Corrective Action Procedure

Step 1: Verbal Warning and Counseling
This initial step creates an opportunity for the immediate supervisor to schedule a meeting with an employee to bring attention to an existing performance, conduct, or attendance issue. The supervisor should discuss with the employee the nature of the problem or the violation of company policies and procedures. The supervisor is expected to clearly describe expectations and the steps the employee must take to improve performance or resolve the problem.

Step 2: Formal Written Warning
If the employee does not promptly correct any performance, conduct or attendance issues that were identified in Step 1, a written warning will become formal documentation of the performance, conduct, or attendance issues and consequences. The employee will sign a copy of the document to acknowledge receipt and understanding of the formal warning. During Step 2, the immediate supervisor and HR representative will meet with the employee to review any additional incidents or information about the performance, conduct or attendance issues as well as
any prior relevant corrective action plans. Management will outline the consequences for the employee of his or her continued failure to meet performance or conduct expectations.

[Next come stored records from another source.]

(* Let $f\in C^2(\mathbb T,\mathbb R)$ be non-degenerate and set $\underline{\eta}_f:=\min_{x}\eta_f(x)>0$. Then $$\mathcal H^0(\{f=0\})\le\frac1\pi\int_0^{2\pi}\frac{|f''(x)|}{\eta_f(x)}\,dx+2\le 2\Big(\frac{\|f''\|_\infty}{\underline{\eta}_f}+1\Big),$$ and also $$\mathcal H^0(\{f=0\})\le\frac12\int_0^{2\pi}\mathbf 1_{\{|f'(x)/f(x)|\le1\}}\frac{|f''(x)|}{|f(x)|}\,dx+\pi,$$ where the indicator is taken to be $0$ at points where $f(x)=0$.
   Context: $\mathbb T=\mathbb R/2\pi\mathbb Z$, functions on $\mathbb T$ are identified with $2\pi$-periodic functions on $\mathbb R$, and $\mathcal H^0(\{f=0\})$ is the number of zeros of $f$ in one period $[0,2\pi)$. $\eta_f(x):=\sqrt{f(x)^2+f'(x)^2}$; $f$ is non-degenerate if $\min_x\eta_f(x)>0$. $\|f''\|_\infty=\sup_x|f''(x)|$. *)

theory Defs
  imports "HOL-Analysis.Analysis"
begin

text \<open>Functions on the torus are 2pi-periodic real functions.\<close>
definition periodic_2pi :: "(real \<Rightarrow> real) \<Rightarrow> bool" where
  "periodic_2pi f \<longleftrightarrow> (\<forall>x. f (x + 2*pi) = f x)"

definition C2 :: "(real \<Rightarrow> real) \<Rightarrow> bool" where
  "C2 f \<longleftrightarrow> (\<forall>x. f differentiable (at x)) \<and> (\<forall>x. deriv f differentiable (at x))
            \<and> continuous_on UNIV (deriv (deriv f))"

definition eta :: "(real \<Rightarrow> real) \<Rightarrow> real \<Rightarrow> real" where
  "eta f x = sqrt ((f x)\<^sup>2 + (deriv f x)\<^sup>2)"

definition eta_min :: "(real \<Rightarrow> real) \<Rightarrow> real" where
  "eta_min f = (INF x. eta f x)"

definition sup_norm :: "(real \<Rightarrow> real) \<Rightarrow> real" where
  "sup_norm g = (SUP x. \<bar>g x\<bar>)"

definition zero_set :: "(real \<Rightarrow> real) \<Rightarrow> real set" where
  "zero_set f = {x \<in> {0..<2*pi}. f x = 0}"

definition log_integrand :: "(real \<Rightarrow> real) \<Rightarrow> real \<Rightarrow> real" where
  "log_integrand f x = (if f x \<noteq> 0 \<and> \<bar>deriv f x / f x\<bar> \<le> 1
      then \<bar>deriv (deriv f) x\<bar> / \<bar>f x\<bar> else 0)"

end

(*
  Between two consecutive zeros u < v of f, both simple, the logarithmic derivative w = f'/f
  runs from +infinity at u to -infinity at v.  Hence the angle arctan w drops by pi on (u, v),
  while its derivative (f f'' - f'^2) / (f^2 + f'^2) is at least -1 - |f''| / eta_f; integrating,
  pi <= (v - u) + (integral of |f''| / eta_f over [u, v]).  Likewise w crosses the band |w| <= 1
  downwards on a subinterval, where the Riccati identity -w' = w^2 - f''/f <= 1 + |f''| / |f|
  gives 2 <= (v - u) + (integral of the second density).  Adding these bounds over the gaps of
  one period, whose lengths sum to 2 pi, bounds the number of zeros; the remaining inequality is
  the pointwise bound |f''| / eta_f <= sup |f''| / min eta_f.
*)

theory Submission
  imports Defs "HOL-Library.Periodic_Fun"
begin

lemma simple_zero_log_deriv_tendsto:
  fixes f f' :: "real \<Rightarrow> real"
  assumes "(f has_real_derivative f' z) (at z)" and "isCont f' z"
    and "f z = 0" and "f' z \<noteq> 0"
  shows "((\<lambda>x. f' x * (x - z) / f x) \<longlongrightarrow> 1) (at z)"
proof -
  have "((\<lambda>x. f x / (x - z)) \<longlongrightarrow> f' z) (at z)"
    using assms(1,3) unfolding has_field_derivative_iff by simp
  moreover have "(f' \<longlongrightarrow> f' z) (at z)"
    using assms(2) by (simp add: isCont_def)
  ultimately have "((\<lambda>x. f' x / (f x / (x - z))) \<longlongrightarrow> f' z / f' z) (at z)"
    using assms(4) by (intro tendsto_divide)
  then show ?thesis
    using assms(4) by simp
qed

lemma simple_zero_isolated:
  fixes f f' :: "real \<Rightarrow> real"
  assumes "(f has_real_derivative f' z) (at z)" and "isCont f' z"
    and "f z = 0" and "f' z \<noteq> 0"
  shows "\<forall>\<^sub>F x in at z. f x \<noteq> 0"
proof -
  have "\<forall>\<^sub>F x in at z. 0 < f' x * (x - z) / f x"
    using order_tendstoD(1)[OF simple_zero_log_deriv_tendsto[OF assms]] by simp
  \<comment> \<open>the quotient is 0 wherever f x = 0, since division by zero yields 0\<close>
  then show ?thesis
    by eventually_elim auto
qed

lemma log_deriv_at_right_simple_zero:
  fixes f f' :: "real \<Rightarrow> real"
  assumes "(f has_real_derivative f' z) (at z)" and "isCont f' z"
    and "f z = 0" and "f' z \<noteq> 0"
  shows "filterlim (\<lambda>x. f' x / f x) at_top (at_right z)"
proof -
  have lim: "filterlim (\<lambda>x. f' x * (x - z) / f x * inverse (x - z)) at_top (at_right z)"
  proof (rule filterlim_tendsto_pos_mult_at_top)
    show "((\<lambda>x. f' x * (x - z) / f x) \<longlongrightarrow> 1) (at_right z)"
      using simple_zero_log_deriv_tendsto[OF assms] by (rule tendsto_mono[OF at_le, rotated]) simp
    show "filterlim (\<lambda>x. inverse (x - z)) at_top (at_right z)"
      by (rule filterlim_inverse_at_top)
        (auto intro!: tendsto_eq_intros eventually_mono[OF eventually_at_right_less])
  qed simp
  have eq: "\<forall>\<^sub>F x in at_right z. f' x * (x - z) / f x * inverse (x - z) = f' x / f x"
    by (rule eventually_mono[OF eventually_at_right_less]) (simp add: divide_inverse)
  show ?thesis
    using filterlim_cong[OF refl refl eq] lim by simp
qed

lemma log_deriv_at_left_simple_zero:
  fixes f f' :: "real \<Rightarrow> real"
  assumes "(f has_real_derivative f' z) (at z)" and "isCont f' z"
    and "f z = 0" and "f' z \<noteq> 0"
  shows "filterlim (\<lambda>x. f' x / f x) at_bot (at_left z)"
proof -
  have lim: "filterlim (\<lambda>x. f' x * (x - z) / f x * inverse (x - z)) at_bot (at_left z)"
  proof (rule filterlim_tendsto_pos_mult_at_bot)
    show "((\<lambda>x. f' x * (x - z) / f x) \<longlongrightarrow> 1) (at_left z)"
      using simple_zero_log_deriv_tendsto[OF assms] by (rule tendsto_mono[OF at_le, rotated]) simp
    show "filterlim (\<lambda>x. inverse (x - z)) at_bot (at_left z)"
      by (rule filterlim_inverse_at_bot)
        (auto intro!: tendsto_eq_intros simp: eventually_at_filter)
  qed simp
  have eq: "\<forall>\<^sub>F x in at_left z. f' x * (x - z) / f x * inverse (x - z) = f' x / f x"
    by (simp add: eventually_at_filter divide_inverse)
  show ?thesis
    using filterlim_cong[OF refl refl eq] lim by simp
qed

lemma log_deriv_swing_between_zeros:
  fixes f f' :: "real \<Rightarrow> real"
  assumes deriv: "\<And>x. (f has_real_derivative f' x) (at x)" and cont: "\<And>x. isCont f' x"
    and simple: "\<And>x. f x = 0 \<Longrightarrow> f' x \<noteq> 0"
    and "u < v" and zero_u: "f u = 0" and zero_v: "f v = 0"
  shows "\<exists>p q. u < p \<and> p < q \<and> q < v \<and> M \<le> f' p / f p \<and> f' q / f q \<le> - M"
proof -
  define m where "m = (u + v) / 2"
  have "\<forall>\<^sub>F x in at_right u. M \<le> f' x / f x \<and> x \<in> {u<..<m}"
    using log_deriv_at_right_simple_zero[OF deriv cont zero_u simple[OF zero_u]] \<open>u < v\<close>
    unfolding filterlim_at_top m_def by (intro eventually_conj eventually_at_right_real) auto
  then obtain p where p: "M \<le> f' p / f p" "p \<in> {u<..<m}"
    using eventually_happens'[OF trivial_limit_at_right_real] by blast
  have "\<forall>\<^sub>F x in at_left v. f' x / f x \<le> - M \<and> x \<in> {m<..<v}"
    using log_deriv_at_left_simple_zero[OF deriv cont zero_v simple[OF zero_v]] \<open>u < v\<close>
    unfolding filterlim_at_bot m_def by (intro eventually_conj eventually_at_left_real) auto
  then obtain q where q: "f' q / f q \<le> - M" "q \<in> {m<..<v}"
    using eventually_happens'[OF trivial_limit_at_left_real] by blast
  show ?thesis
    using p q by (intro exI[of _ p] exI[of _ q]) auto
qed

lemma finite_simple_zeros:
  fixes f f' :: "real \<Rightarrow> real"
  assumes deriv: "\<And>x. (f has_real_derivative f' x) (at x)" and cont: "\<And>x. isCont f' x"
    and simple: "\<And>x. f x = 0 \<Longrightarrow> f' x \<noteq> 0"
  shows "finite {x \<in> {a..b}. f x = 0}"
proof (rule ccontr)
  define T where "T = {x \<in> {a..b}. f x = 0}"
  assume "infinite {x \<in> {a..b}. f x = 0}"
  then obtain z where "z \<in> {a..b}" and z: "z islimpt T"
    using compact_eq_Bolzano_Weierstrass[of "{a..b}"] unfolding T_def by auto
  have "continuous_on UNIV f"
    using deriv by (meson DERIV_isCont continuous_at_imp_continuous_on)
  then have "closed {x. f x = 0}"
    by (rule closed_Collect_eq[OF _ continuous_on_const])
  moreover have "z islimpt {x. f x = 0}"
    using z by (rule islimpt_subset) (auto simp: T_def)
  ultimately have zero_z: "f z = 0"
    using closed_limpt by blast
  have "\<forall>\<^sub>F x in at z. f x \<noteq> 0"
    by (rule simple_zero_isolated[OF deriv cont zero_z simple[OF zero_z]])
  then have "\<forall>\<^sub>F x in at z. x \<notin> T"
    by (rule eventually_mono) (simp add: T_def)
  then show False
    using z islimpt_iff_eventually by blast
qed
lemma
  assumes "f \<in> ell2_on UNIV"
  shows zero_outside_in_ell2_on: "zero_outside Z f \<in> ell2_on Z"
    and ell2_norm_zero_outside_le: "ell2_norm (zero_outside Z f) \<le> ell2_norm f"
proof -
  have "zero_outside Z f \<in> ell2_on UNIV"
    by (rule ell2_on_dominated[OF assms]) (simp add: zero_outside_def)
  then show "zero_outside Z f \<in> ell2_on Z" by (auto simp: ell2_on_def zero_outside_def)
  show "ell2_norm (zero_outside Z f) \<le> ell2_norm f"
    by (rule ell2_norm_dominated[OF assms]) (simp add: zero_outside_def)
qed

lemma ell2_on_pointwise_triangle:
  assumes "f \<in> ell2_on Z" "g \<in> ell2_on Z" "\<And>x. cmod (h x) \<le> cmod (f x) + cmod (g x)"
  shows "h \<in> ell2_on Z"
proof -
  have le: "(cmod (h x))^2 \<le> 2 * (cmod (f x))^2 + 2 * (cmod (g x))^2" for x
  proof -
    have "(cmod (h x))^2 \<le> (cmod (f x) + cmod (g x))^2"
      using assms(3)[of x] by (simp add: power_mono)
    also have "\<dots> \<le> 2 * (cmod (f x))^2 + 2 * (cmod (g x))^2"
      by (smt (verit) power2_sum sum_squares_bound)
    finally show ?thesis .
  qed
  have "(\<lambda>x. 2 * (cmod (f x))^2 + 2 * (cmod (g x))^2) summable_on UNIV"
    using assms(1,2) by (intro summable_on_add summable_on_cmult_right) (auto simp: ell2_on_def)
  then have "(\<lambda>x. (cmod (h x))^2) summable_on UNIV"
    by (rule summable_on_comparison_test[OF _ le]) auto
  moreover have "h x = 0" if "x \<notin> Z" for x
    using assms(3)[of x] assms(1,2) that by (simp add: ell2_on_def)
  ultimately show ?thesis by (simp add: ell2_on_def)
qed

lemma ell2_on_add: "f \<in> ell2_on Z \<Longrightarrow> g \<in> ell2_on Z \<Longrightarrow> (\<lambda>x. f x + g x) \<in> ell2_on Z"
  by (rule ell2_on_pointwise_triangle[of f Z g]) (auto intro: norm_triangle_ineq)

lemma ell2_on_diff: "f \<in> ell2_on Z \<Longrightarrow> g \<in> ell2_on Z \<Longrightarrow> (\<lambda>x. f x - g x) \<in> ell2_on Z"
  by (rule ell2_on_pointwise_triangle[of f Z g]) (auto intro: norm_triangle_ineq4)

lemma ell2_on_scale: "f \<in> ell2_on Z \<Longrightarrow> (\<lambda>x. c * f x) \<in> ell2_on Z"
proof -
  assume f: "f \<in> ell2_on Z"
  have "(\<lambda>x. (cmod c)^2 * (cmod (f x))^2) summable_on UNIV"
    using f by (intro summable_on_cmult_right) (auto simp: ell2_on_def)
  then show ?thesis using f by (auto simp: ell2_on_def norm_mult power_mult_distrib)
qed

lemma delta_in_ell2_on: "delta a \<in> ell2_on {a}"
proof -
  have "(\<lambda>x. (cmod (delta a x))^2) summable_on UNIV \<longleftrightarrow> (\<lambda>x. (cmod (delta a x))^2) summable_on {a}"
    by (rule summable_on_cong_neutral) (auto simp: delta_def)
  then show ?thesis by (auto simp: ell2_on_def delta_def)
qed

lemma norm_le_ell2_norm: assumes "f \<in> ell2_on UNIV" shows "cmod (f y) \<le> ell2_norm f"
proof -
  have "(cmod (f y))^2 \<le> infsum (\<lambda>x. (cmod (f x))^2) UNIV"
    using finite_sum_le_infsum[of "\<lambda>x. (cmod (f x))^2" UNIV "{y}"] assms by (auto simp: ell2_on_def)
  then have "sqrt ((cmod (f y))^2) \<le> ell2_norm f" unfolding ell2_norm_def
    by (rule real_sqrt_le_mono)
  then show ?thesis by simp
qed

lemma L2_set_le_ell2_norm:
  assumes "f \<in> ell2_on UNIV" "finite F"
  shows "L2_set (\<lambda>x. cmod (f x)) F \<le> ell2_norm f"
  unfolding L2_set_def ell2_norm_def
  by (intro real_sqrt_le_mono finite_sum_le_infsum) (use assms in \<open>auto simp: ell2_on_def\<close>)

lemma ell2_norm_triangle:
  assumes "f \<in> ell2_on UNIV" "g \<in> ell2_on UNIV"
  shows "ell2_norm (\<lambda>x. f x + g x) \<le> ell2_norm f + ell2_norm g"
proof -
  have "infsum (\<lambda>x. (cmod (f x + g x))^2) UNIV \<le> (ell2_norm f + ell2_norm g)^2"
  proof (rule infsum_le_finite_sums)
    show "(\<lambda>x. (cmod (f x + g x))^2) summable_on UNIV"
      using ell2_on_add[OF assms] by (simp add: ell2_on_def)
    fix F :: "'a set" assume F: "finite F" "F \<subseteq> UNIV"
    have "L2_set (\<lambda>x. cmod (f x + g x)) F \<le> L2_set (\<lambda>x. cmod (f x) + cmod (g x)) F"
      by (rule L2_set_mono) (auto simp: norm_triangle_ineq)
    also have "\<dots> \<le> L2_set (\<lambda>x. cmod (f x)) F + L2_set (\<lambda>x. cmod (g x)) F"
      by (rule L2_set_triangle_ineq)
    also have "\<dots> \<le> ell2_norm f + ell2_norm g"
      using L2_set_le_ell2_norm[OF assms(1) F(1)] L2_set_le_ell2_norm[OF assms(2) F(1)] by simp
    finally have "(L2_set (\<lambda>x. cmod (f x + g x)) F)^2 \<le> (ell2_norm f + ell2_norm g)^2"
      by (simp add: power_mono L2_set_nonneg)
    then show "sum (\<lambda>x. (cmod (f x + g x))^2) F \<le> (ell2_norm f + ell2_norm g)^2"
      by (simp add: L2_set_def sum_nonneg)
  qed
  then have "ell2_norm (\<lambda>x. f x + g x) \<le> sqrt ((ell2_norm f + ell2_norm g)^2)"
    unfolding ell2_norm_def by (rule real_sqrt_le_mono)
  then show ?thesis using ell2_norm_nonneg[of f] ell2_norm_nonneg[of g] by simp
qed

lemma ell2_norm_tail_small:
  assumes "f \<in> ell2_on UNIV" "\<epsilon> > 0"
  obtains F where "finite F" "ell2_norm (zero_outside (- F) f) \<le> \<epsilon>"
proof -
  define g where "g = (\<lambda>x. (cmod (f x))^2)"
  have g: "g summable_on UNIV" using assms by (simp add: g_def ell2_on_def)
  then have "(sum g \<longlongrightarrow> infsum g UNIV) (finite_subsets_at_top UNIV)"
    using has_sum_infsum unfolding has_sum_def by blast
  then have "eventually (\<lambda>F. dist (sum g F) (infsum g UNIV) < \<epsilon>^2) (finite_subsets_at_top UNIV)"
    using assms(2) by (simp add: tendsto_iff)
  then obtain X where X: "finite X" "dist (sum g X) (infsum g UNIV) < \<epsilon>^2"
    unfolding eventually_finite_subsets_at_top by blast
  have "infsum (\<lambda>x. (cmod (zero_outside (- X) f x))^2) UNIV \<le> \<epsilon>^2"
  proof (rule infsum_le_finite_sums)
    show "(\<lambda>x. (cmod (zero_outside (- X) f x))^2) summable_on UNIV"
      using zero_outside_in_ell2_on[OF assms(1)] by (simp add: ell2_on_def)
    fix G :: "'a set" assume G: "finite G" "G \<subseteq> UNIV"
    have "sum (\<lambda>x. (cmod (zero_outside (- X) f x))^2) G = sum g (G - X)"
      by (rule sum.mono_neutral_cong_right) (use G in \<open>auto simp: g_def zero_outside_def\<close>)
    also have "\<dots> = sum g (G \<union> X) - sum g X"
      using G X by (metis Un_Diff_cancel2 add_diff_cancel_right' finite_Diff sum.union_disjoint Diff_disjoint inf_commute)
    also have "sum g (G \<union> X) \<le> infsum g UNIV"
      by (rule finite_sum_le_infsum) (use g G X in \<open>auto simp: g_def\<close>)
    finally show "sum (\<lambda>x. (cmod (zero_outside (- X) f x))^2) G \<le> \<epsilon>^2"
      using X(2) by (simp add: dist_real_def)
  qed
  then have "ell2_norm (zero_outside (- X) f) \<le> sqrt (\<epsilon>^2)"
    unfolding ell2_norm_def by (rule real_sqrt_le_mono)
  then show ?thesis using that[OF X(1)] assms(2) by simp
qed

subsection \<open>Bounded operators and their matrix coefficients\<close>

lemma bounded_op_in: "bounded_op Z W S \<Longrightarrow> f \<in> ell2_on Z \<Longrightarrow> S f \<in> ell2_on W"
  unfolding bounded_op_def by blast

lemma bounded_op_add:
  "bounded_op Z W S \<Longrightarrow> f \<in> ell2_on Z \<Longrightarrow> g \<in> ell2_on Z \<Longrightarrow> S (\<lambda>x. f x + g x) y = S f y + S g y"
proof -
  assume "bounded_op Z W S" "f \<in> ell2_on Z" "g \<in> ell2_on Z"
  then have "S (\<lambda>x. f x + g x) = (\<lambda>y. S f y + S g y)" unfolding bounded_op_def by blast
  then show ?thesis by simp
qed

lemma bounded_op_scale: "bounded_op Z W S \<Longrightarrow> f \<in> ell2_on Z \<Longrightarrow> S (\<lambda>x. c * f x) y = c * S f y"
proof -
  assume "bounded_op Z W S" "f \<in> ell2_on Z"
  then have "S (\<lambda>x. c * f x) = (\<lambda>y. c * S f y)" unfolding bounded_op_def by blast
  then show ?thesis by simp
qed

lemma bounded_op_zero: "bounded_op Z W S \<Longrightarrow> S (\<lambda>_. 0) = (\<lambda>_. 0)"
  using bounded_op_scale[of Z W S "\<lambda>_. 0" 0] by (auto simp: ell2_on_def)

lemma bounded_op_bound:
  assumes "bounded_op Z W S"
  obtains C where "C \<ge> 0" "\<And>f. f \<in> ell2_on Z \<Longrightarrow> ell2_norm (S f) \<le> C * ell2_norm f"
proof -
  obtain C where C: "\<forall>f\<in>ell2_on Z. ell2_norm (S f) \<le> C * ell2_norm f"
    using assms unfolding bounded_op_def by blast
  have bound: "ell2_norm (S f) \<le> \<bar>C\<bar> * ell2_norm f" if "f \<in> ell2_on Z" for f
  proof -
    have "ell2_norm (S f) \<le> C * ell2_norm f" using C that by blast
    also have "\<dots> \<le> \<bar>C\<bar> * ell2_norm f" by (rule mult_right_mono) (simp_all add: ell2_norm_nonneg)
    finally show ?thesis .
  qed
  show ?thesis by (rule that[of "\<bar>C\<bar>"]) (simp_all add: bound)
qed

lemma bounded_op_finite_support:
  assumes S: "bounded_op UNIV W S" and F: "finite F" and h: "h \<in> ell2_on UNIV"
  shows "S (zero_outside F h) y = (\<Sum>x\<in>F. h x * S (delta x) y)"
  using F
proof (induction F)
  case empty
  have "zero_outside {} h = (\<lambda>_. 0)" by (simp add: zero_outside_def)
  then show ?case using bounded_op_zero[OF S] by simp
next
  case (insert a F)
  have d: "delta a \<in> ell2_on UNIV" using delta_in_ell2_on by (rule ell2_on_UNIV)
  have rest: "zero_outside F h \<in> ell2_on UNIV"
    using zero_outside_in_ell2_on[OF h] by (rule ell2_on_UNIV)
  have "zero_outside (insert a F) h = (\<lambda>x. h a * delta a x + zero_outside F h x)"
    using insert.hyps by (auto simp: delta_def zero_outside_def)
  then have "S (zero_outside (insert a F) h) y = S (\<lambda>x. h a * delta a x) y + S (zero_outside F h) y"
    using bounded_op_add[OF S ell2_on_scale[OF d] rest, where y = y] by (simp only:)
  also have "\<dots> = h a * S (delta a) y + (\<Sum>x\<in>F. h x * S (delta x) y)"
    using bounded_op_scale[OF S d, where c = "h a" and y = y] insert.IH by (simp only:)
  finally show ?case using insert.hyps by simp
qed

A formal performance improvement plan (PIP) requiring the employee’s immediate and sustained corrective action will be issued after a Step 2 meeting. A warning outlining that the employee may be subject to additional discipline up to and including termination if immediate and sustained corrective action is not taken may also be included in the written warning.

Step 3: Suspension and Final Written Warning
There may be performance, conduct, or safety incidents so problematic and harmful that the most effective action may be the temporary removal of the employee from the workplace. When immediate action is necessary to ensure the safety of the employee or others, the immediate supervisor may suspend the employee pending the results of an investigation. Suspensions that are recommended as part of the normal progression of this progressive discipline policy and procedure are subject to approval from a next-level manager and HR.

Step 4: Recommendation for Termination of Employment
The last step in the progressive discipline procedure is a recommendation to terminate employment. Generally, CAST AI will try to exercise the progressive nature of this policy by first providing warnings, a final written warning or suspension from the workplace before proceeding to a recommendation to terminate employment. However, CAST AI reserves the right to combine and skip steps depending on the circumstances of
each situation and the nature of the offense. Furthermore, employees may be terminated without prior notice or disciplinary action.
Management’s recommendation to terminate employment must be approved by HR and the supervisor’s immediate manager.

Performance and Conduct Issues Not Subject to Progressive Discipline Behavior that is illegal is not subject to progressive discipline, and such behavior may be reported to local law enforcement authorities. Theft, substance abuse, intoxication, fighting and other acts of violence at work are grounds for immediate termination.